=== Stored data ===
Content starts

theorem theorem2:
  fixes N :: nat and L \<alpha> p lam_e \<epsilon> :: real
  assumes "N \<ge> 1" and "L > 0" and "\<alpha> > 0" and "p > 0" and "lam_e > 0"
    and "0 < \<epsilon>" and "\<epsilon> < 1"
  defines "K1 \<equiv> pi * lam_e * Gamma (2 / \<alpha> + 1)"
    and "K2 \<equiv> ((L / real N) powr \<alpha> + 1) / p"
  defines "Res \<equiv> log 2 (2 * p / \<alpha> *
              lambertW0 (\<alpha> / 2 * (ln (1 / (1 - \<epsilon>)) / (real N * K1)) powr (- \<alpha> / 2)) + 1)"
  defines "U \<equiv> (\<lambda>Rt. (Rt - Res) * exp (- K2 * (2 powr Rt - 1)) / real N)"
    and "Rts \<equiv> Res + lambertW0 (2 powr (- Res) / K2) / ln 2"
    and "Rss \<equiv> lambertW0 (2 powr (- Res) / K2) / ln 2"
  shows
    "(\<forall>Rt Rs. Rs \<le> Rt \<and> 0 < Rs \<longrightarrow>
        (sec_outage N K1 \<alpha> p Rt Rs \<le> \<epsilon> \<longleftrightarrow> Rt - Rs \<ge> Res) \<and>
        (sec_outage N K1 \<alpha> p Rt Rs = \<epsilon> \<longleftrightarrow> Rt - Rs = Res))
     \<and> quasiconcave_on {Res<..} U
     \<and> Res < Rts \<and> (\<forall>Rt. Res < Rt \<and> Rt \<noteq> Rts \<longrightarrow> U Rt < U Rts)
     \<and> Rss \<le> Rts \<and> 0 < Rss \<and> sec_outage N K1 \<alpha> p Rts Rss \<le> \<epsilon>
     \<and> (\<forall>Rt Rs. Rs \<le> Rt \<and> 0 < Rs \<and> sec_outage N K1 \<alpha> p Rt Rs \<le> \<epsilon> \<longrightarrow>
           oft_throughput N L \<alpha> p Rt Rs \<le> oft_throughput N L \<alpha> p Rts Rss)"
proof -
  have N: "0 < N" using assms(1) by simp
  have K1: "0 < K1" unfolding K1_def using assms(3,5) by (simp add: Gamma_real_pos add_pos_nonneg)
  have K2: "0 < K2" unfolding K2_def using assms(4) by (intro divide_pos_pos add_nonneg_pos) auto
  have Res: "Res = secrecy_rate_threshold N K1 \<alpha> p \<epsilon>"
    unfolding Res_def secrecy_rate_threshold_def ..
  have Rts: "Rts = optimal_rate Res K2" unfolding Rts_def optimal_rate_def ..
  have Rss: "Rss = Rts - Res" unfolding Rss_def Rts_def by simp
  have U: "U = (\<lambda>t. rate_utility Res K2 t / real N)" unfolding U_def rate_utility_def ..
  note outage = sec_outage_le_iff_threshold[OF N K1 assms(3,4,6,7), folded Res]
  have "0 < Res" using secrecy_rate_threshold(1)[OF N K1 assms(3,4,6,7)] Res by simp
  have "Res < Rts" using optimal_rate_critical(1)[OF K2] Rts by simp
  have U_max: "U Rt < U Rts" if "Res < Rt" "Rt \<noteq> Rts" for Rt
    using rate_utility_less_optimal[OF K2 that[unfolded Rts]] N
    unfolding U Rts by (simp add: divide_strict_right_mono)
  have "oft_throughput N L \<alpha> p Rt Rs \<le> oft_throughput N L \<alpha> p Rts Rss"
    if "Rs \<le> Rt" "0 < Rs" "sec_outage N K1 \<alpha> p Rt Rs \<le> \<epsilon>" for Rt Rs
    using oft_throughput_le_optimal[OF N assms(4) that(2), of Res Rt L \<alpha>]
      outage(1)[OF that(1)] that(3)
    unfolding Rss Rts K2_def by simp
  moreover have "quasiconcave_on {Res<..} U"
    unfolding U using N by (intro quasiconcave_on_divide rate_utility_quasiconcave K2) simp
  ultimately show ?thesis
    using outage \<open>0 < Res\<close> \<open>Res < Rts\<close> U_max unfolding Rss by auto
qed

end
(* Let $R$ be a quotient root system with base $S$, let $\Phi \subseteq R^+$, and let $I, J \in \mathrm{Gen}(\Phi)$. Then $I \cup J \in \mathrm{Gen}(\Phi)$ and $I \cap J \in \mathrm{Gen}(\Phi)$.
   Context: A quotient root system (QRS) $R$ is the set of non-zero images of a root system $\Delta$ (with base $\Sigma$) under the orthogonal projection of its ambient Euclidean space onto $(\mathrm{span}\,J_0)^\perp$ for some $J_0\subsetneq\Sigma$; its base $S$ consists of the images of $\Sigma\setminus J_0$, and every root is an integer combination of $S$ with all coefficients $\ge0$ (positive roots, $R^+$) or all $\le0$. For $K \subseteq S$: $R_K = R\cap\mathrm{span}\,K$, $R_K^+=R_K\cap R^+$; $\pi_K$ is orthogonal projection onto $(\mathrm{span}\,K)^\perp$, $R/K$ is the set of non-zero elements of $\pi_K(R)$ and $(R/K)^+=\pi_K(R^+)\setminus\{0\}$. Inflation: for $\Psi\subseteq(R/K)^+$, $X\subseteq R_K^+$, $\inf_K^S(\Psi,X):=\{\alpha\in R^+:\pi_K(\alpha)\in\Psi\}\cup X$. $\mathrm{Gen}(\Phi) := \{K\subseteq S : \Phi=\inf_K^S(\Theta,Y)\text{ for some }\Theta\subseteq (R/K)^+,\ Y\subseteq R_K^+\}$. *)

theory Defs
  imports "HOL-Analysis.Analysis"
begin

definition refl_vec :: "'a::euclidean_space \<Rightarrow> 'a \<Rightarrow> 'a" where
  "refl_vec \<beta> \<alpha> = \<alpha> - ((2 * (\<alpha> \<bullet> \<beta>)) / (\<beta> \<bullet> \<beta>)) *\<^sub>R \<beta>"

Content ends

=== What this task involves ===
Please return all of the records exactly.

=== Response to this exercise ===
theorem theorem2:
  fixes N :: nat and L \<alpha> p lam_e \<epsilon> :: real
  assumes "N \<ge> 1" and "L > 0" and "\<alpha> > 0" and "p > 0" and "lam_e > 0"
    and "0 < \<epsilon>" and "\<epsilon> < 1"
  defines "K1 \<equiv> pi * lam_e * Gamma (2 / \<alpha> + 1)"
    and "K2 \<equiv> ((L / real N) powr \<alpha> + 1) / p"
  defines "Res \<equiv> log 2 (2 * p / \<alpha> *
              lambertW0 (\<alpha> / 2 * (ln (1 / (1 - \<epsilon>)) / (real N * K1)) powr (- \<alpha> / 2)) + 1)"
  defines "U \<equiv> (\<lambda>Rt. (Rt - Res) * exp (- K2 * (2 powr Rt - 1)) / real N)"
    and "Rts \<equiv> Res + lambertW0 (2 powr (- Res) / K2) / ln 2"
    and "Rss \<equiv> lambertW0 (2 powr (- Res) / K2) / ln 2"
  shows
    "(\<forall>Rt Rs. Rs \<le> Rt \<and> 0 < Rs \<longrightarrow>
        (sec_outage N K1 \<alpha> p Rt Rs \<le> \<epsilon> \<longleftrightarrow> Rt - Rs \<ge> Res) \<and>
        (sec_outage N K1 \<alpha> p Rt Rs = \<epsilon> \<longleftrightarrow> Rt - Rs = Res))
     \<and> quasiconcave_on {Res<..} U
     \<and> Res < Rts \<and> (\<forall>Rt. Res < Rt \<and> Rt \<noteq> Rts \<longrightarrow> U Rt < U Rts)
     \<and> Rss \<le> Rts \<and> 0 < Rss \<and> sec_outage N K1 \<alpha> p Rts Rss \<le> \<epsilon>
     \<and> (\<forall>Rt Rs. Rs \<le> Rt \<and> 0 < Rs \<and> sec_outage N K1 \<alpha> p Rt Rs \<le> \<epsilon> \<longrightarrow>
           oft_throughput N L \<alpha> p Rt Rs \<le> oft_throughput N L \<alpha> p Rts Rss)"
proof -
  have N: "0 < N" using assms(1) by simp
  have K1: "0 < K1" unfolding K1_def using assms(3,5) by (simp add: Gamma_real_pos add_pos_nonneg)
  have K2: "0 < K2" unfolding K2_def using assms(4) by (intro divide_pos_pos add_nonneg_pos) auto
  have Res: "Res = secrecy_rate_threshold N K1 \<alpha> p \<epsilon>"
    unfolding Res_def secrecy_rate_threshold_def ..
  have Rts: "Rts = optimal_rate Res K2" unfolding Rts_def optimal_rate_def ..
  have Rss: "Rss = Rts - Res" unfolding Rss_def Rts_def by simp
  have U: "U = (\<lambda>t. rate_utility Res K2 t / real N)" unfolding U_def rate_utility_def ..
  note outage = sec_outage_le_iff_threshold[OF N K1 assms(3,4,6,7), folded Res]
  have "0 < Res" using secrecy_rate_threshold(1)[OF N K1 assms(3,4,6,7)] Res by simp
  have "Res < Rts" using optimal_rate_critical(1)[OF K2] Rts by simp
  have U_max: "U Rt < U Rts" if "Res < Rt" "Rt \<noteq> Rts" for Rt
    using rate_utility_less_optimal[OF K2 that[unfolded Rts]] N
    unfolding U Rts by (simp add: divide_strict_right_mono)
  have "oft_throughput N L \<alpha> p Rt Rs \<le> oft_throughput N L \<alpha> p Rts Rss"
    if "Rs \<le> Rt" "0 < Rs" "sec_outage N K1 \<alpha> p Rt Rs \<le> \<epsilon>" for Rt Rs
    using oft_throughput_le_optimal[OF N assms(4) that(2), of Res Rt L \<alpha>]
      outage(1)[OF that(1)] that(3)
    unfolding Rss Rts K2_def by simp
  moreover have "quasiconcave_on {Res<..} U"
    unfolding U using N by (intro quasiconcave_on_divide rate_utility_quasiconcave K2) simp
  ultimately show ?thesis
    using outage \<open>0 < Res\<close> \<open>Res < Rts\<close> U_max unfolding Rss by auto
qed

end
(* Let $R$ be a quotient root system with base $S$, let $\Phi \subseteq R^+$, and let $I, J \in \mathrm{Gen}(\Phi)$. Then $I \cup J \in \mathrm{Gen}(\Phi)$ and $I \cap J \in \mathrm{Gen}(\Phi)$.
   Context: A quotient root system (QRS) $R$ is the set of non-zero images of a root system $\Delta$ (with base $\Sigma$) under the orthogonal projection of its ambient Euclidean space onto $(\mathrm{span}\,J_0)^\perp$ for some $J_0\subsetneq\Sigma$; its base $S$ consists of the images of $\Sigma\setminus J_0$, and every root is an integer combination of $S$ with all coefficients $\ge0$ (positive roots, $R^+$) or all $\le0$. For $K \subseteq S$: $R_K = R\cap\mathrm{span}\,K$, $R_K^+=R_K\cap R^+$; $\pi_K$ is orthogonal projection onto $(\mathrm{span}\,K)^\perp$, $R/K$ is the set of non-zero elements of $\pi_K(R)$ and $(R/K)^+=\pi_K(R^+)\setminus\{0\}$. Inflation: for $\Psi\subseteq(R/K)^+$, $X\subseteq R_K^+$, $\inf_K^S(\Psi,X):=\{\alpha\in R^+:\pi_K(\alpha)\in\Psi\}\cup X$. $\mathrm{Gen}(\Phi) := \{K\subseteq S : \Phi=\inf_K^S(\Theta,Y)\text{ for some }\Theta\subseteq (R/K)^+,\ Y\subseteq R_K^+\}$. *)

theory Defs
  imports "HOL-Analysis.Analysis"
begin

definition refl_vec :: "'a::euclidean_space \<Rightarrow> 'a \<Rightarrow> 'a" where
  "refl_vec \<beta> \<alpha> = \<alpha> - ((2 * (\<alpha> \<bullet> \<beta>)) / (\<beta> \<bullet> \<beta>)) *\<^sub>R \<beta>"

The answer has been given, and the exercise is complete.